Step-by-step explanation:

Conditional Probability

We use the conditional probability formula to solve this question. It is

$P(B|A) = \frac{P(A \cap B)}{P(A)}$

In which

P(B|A) is the probability of event B happening, given that A happened.

$P(A \cap B)$ is the probability of both A and B happening.

P(A) is the probability of A happening.

a) What is the probability that an NPN transistor will be selected?

1/3 probability that the first cabinet is chosen. This cabinet has two transistors, both of which are NPN, so 100% probability of selecting a NPN transistor.

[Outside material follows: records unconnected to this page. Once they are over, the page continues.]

lemma integral_mult_indefinite_integral:
  fixes h :: "real \<Rightarrow> real"
  assumes "continuous_on {a..b} h" "a \<le> b"
  shows "integral {a..b} (\<lambda>t. h t * integral {a..t} h) = (integral {a..b} h)\<^sup>2 / 2"
proof -
  have "((\<lambda>t. h t * integral {a..t} h) has_integral
      (integral {a..b} h)\<^sup>2 / 2 - (integral {a..a} h)\<^sup>2 / 2) {a..b}"
  proof (rule fundamental_theorem_of_calculus[OF assms(2)])
    fix t assume t: "t \<in> {a..b}"
    have "((\<lambda>t. integral {a..t} h) has_real_derivative h t) (at t within {a..b})"
      by (rule integral_has_real_derivative[OF assms(1) t])
    then have "((\<lambda>t. integral {a..t} h * integral {a..t} h / 2) has_real_derivative
        (h t * integral {a..t} h + h t * integral {a..t} h) / 2) (at t within {a..b})"
      by (intro DERIV_cdivide DERIV_mult)
    then show "((\<lambda>t. (integral {a..t} h)\<^sup>2 / 2) has_vector_derivative h t * integral {a..t} h)
        (at t within {a..b})"
      by (simp add: power2_eq_square mult.commute has_real_derivative_iff_has_vector_derivative[symmetric])
  qed
  then show ?thesis
    by (simp add: integral_unique)
qed

definition abel_moment :: "(real \<Rightarrow> real) \<Rightarrow> (real \<Rightarrow> real) \<Rightarrow> nat \<Rightarrow> real" where
  "abel_moment f g k = integral {-1..1} (\<lambda>t. f t * (integral {-1..t} g) ^ k)"

locale abel_periodic_solution =
  fixes f g x :: "real \<Rightarrow> real" and M e :: real
  assumes continuous_f [continuous_intros]: "continuous_on {-1..1} f"
    and continuous_g [continuous_intros]: "continuous_on {-1..1} g"
    and bound_f: "\<And>t. t \<in> {-1..1} \<Longrightarrow> \<bar>f t\<bar> \<le> M"
    and bound_g: "\<And>t. t \<in> {-1..1} \<Longrightarrow> \<bar>g t\<bar> \<le> M"
    and solution: "abel_solution f g x"
    and initial: "x (-1) = e" and periodic: "x 1 = e"
    and e_pos: "0 < e" and e_le: "e \<le> 1/4" and e_small: "48 * M * e \<le> 1"
begin

abbreviation G :: "real \<Rightarrow> real" where "G t \<equiv> integral {-1..t} g"
abbreviation F :: "real \<Rightarrow> real" where "F t \<equiv> integral {-1..t} f"
abbreviation H :: "real \<Rightarrow> real" where "H t \<equiv> integral {-1..t} (\<lambda>s. f s * x s)"
abbreviation S :: "real \<Rightarrow> real" where "S t \<equiv> G t + H t"

lemma M_nonneg: "0 \<le> M"
  using bound_f[of 0] by simp

lemma continuous_x [continuous_intros]: "continuous_on {-1..1} x"
  using solution unfolding abel_solution_def by (intro DERIV_continuous_on) auto

lemma x_near_e: "t \<in> {-1..1} \<Longrightarrow> \<bar>x t - e\<bar> \<le> 24 * M * e\<^sup>2"
  using e_pos e_le e_small
  by (intro abel_solution_near_initial_value[OF bound_f bound_g solution initial]) auto

lemma x_near_e_half: "t \<in> {-1..1} \<Longrightarrow> \<bar>x t - e\<bar> \<le> e / 2"
proof -
  have "24 * M * e\<^sup>2 \<le> e / 2"
    using mult_right_mono[OF e_small, of e] e_pos by (simp add: power2_eq_square algebra_simps)
  then show "t \<in> {-1..1} \<Longrightarrow> \<bar>x t - e\<bar> \<le> e / 2"
    using x_near_e[of t] by linarith
qed

lemma x_pos: "t \<in> {-1..1} \<Longrightarrow> 0 < x t"
  using x_near_e_half[of t] e_pos by linarith

lemma abs_x_le: "t \<in> {-1..1} \<Longrightarrow> \<bar>x t\<bar> \<le> 2 * e"
  using x_near_e_half[of t] e_pos by linarith

lemma abs_integral_f_mult_le:
  assumes "continuous_on {-1..1} h" "\<And>t. t \<in> {-1..1} \<Longrightarrow> \<bar>h t\<bar> \<le> B" "t \<in> {-1..1}"
  shows "\<bar>integral {-1..t} (\<lambda>s. f s * h s)\<bar> \<le> 2 * M * B"
proof -
  have "\<bar>integral {-1..t} (\<lambda>s. f s * h s)\<bar> \<le> M * B * (1 - -1)"
    using assms bound_f by (intro abs_integral_le) (auto intro!: continuous_intros abs_mult_le)
  then show ?thesis
    by simp
qed

lemma abs_G_le: "t \<in> {-1..1} \<Longrightarrow> \<bar>G t\<bar> \<le> 2 * M"
  using abs_integral_le[OF continuous_g bound_g, of t] by simp

lemma abs_H_le: "t \<in> {-1..1} \<Longrightarrow> \<bar>H t\<bar> \<le> 4 * M * e"
  using abs_integral_f_mult_le[OF continuous_x abs_x_le, of t] by simp

lemma abs_S_le: "t \<in> {-1..1} \<Longrightarrow> \<bar>S t\<bar> \<le> 3 * M"
  using abs_G_le abs_H_le mult_left_mono[OF e_le M_nonneg] by fastforce

lemma abs_S_sq_le: "t \<in> {-1..1} \<Longrightarrow> \<bar>S t ^ 2\<bar> \<le> 9 * M\<^sup>2"
  using abs_mult_le[OF abs_S_le abs_S_le, of t t] by (simp add: power2_eq_square)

1/3 probability that the second cabinet is chosen. This cabinet has two transistors, both of which are PNP, so 0% probability of selecting a NPN transistor.

1/3 probability that the second cabinet is chosen. This cabinet has two transistors, one of which is NPN, so 50% probability of selecting a NPN transistor.

$p = \frac{1}{3}*1 + \frac{1}{3}*0 + \frac{1}{3}*0.5 = \frac{1}{3} + \frac{1}{6} = \frac{2}{6} + \frac{1}{6} = \frac{3}{6} = 0.5$

0.5 = 50% probability that an NPN transistor will be selected.

b) Given that the hobbyist selects an NPN transistor, what is the probability that it came from the cabinet that contains both types?

Here we use the conditional probability formula.

Event A: NPN transistor

Event B: From the third cabinet.

50% probability that an NPN transistor will be selected, so $P(A) = 0.5$ .

1/6 probability that it is from the third cabinet and NPN, so $P(A \cap B) = \frac{1}{6}$

The desired probability is:

$P(B|A) = \frac{\frac{1}{6}}{0.5} = 0.3333$

0.3333 = 33.33% probability that it came from the cabinet that contains both types.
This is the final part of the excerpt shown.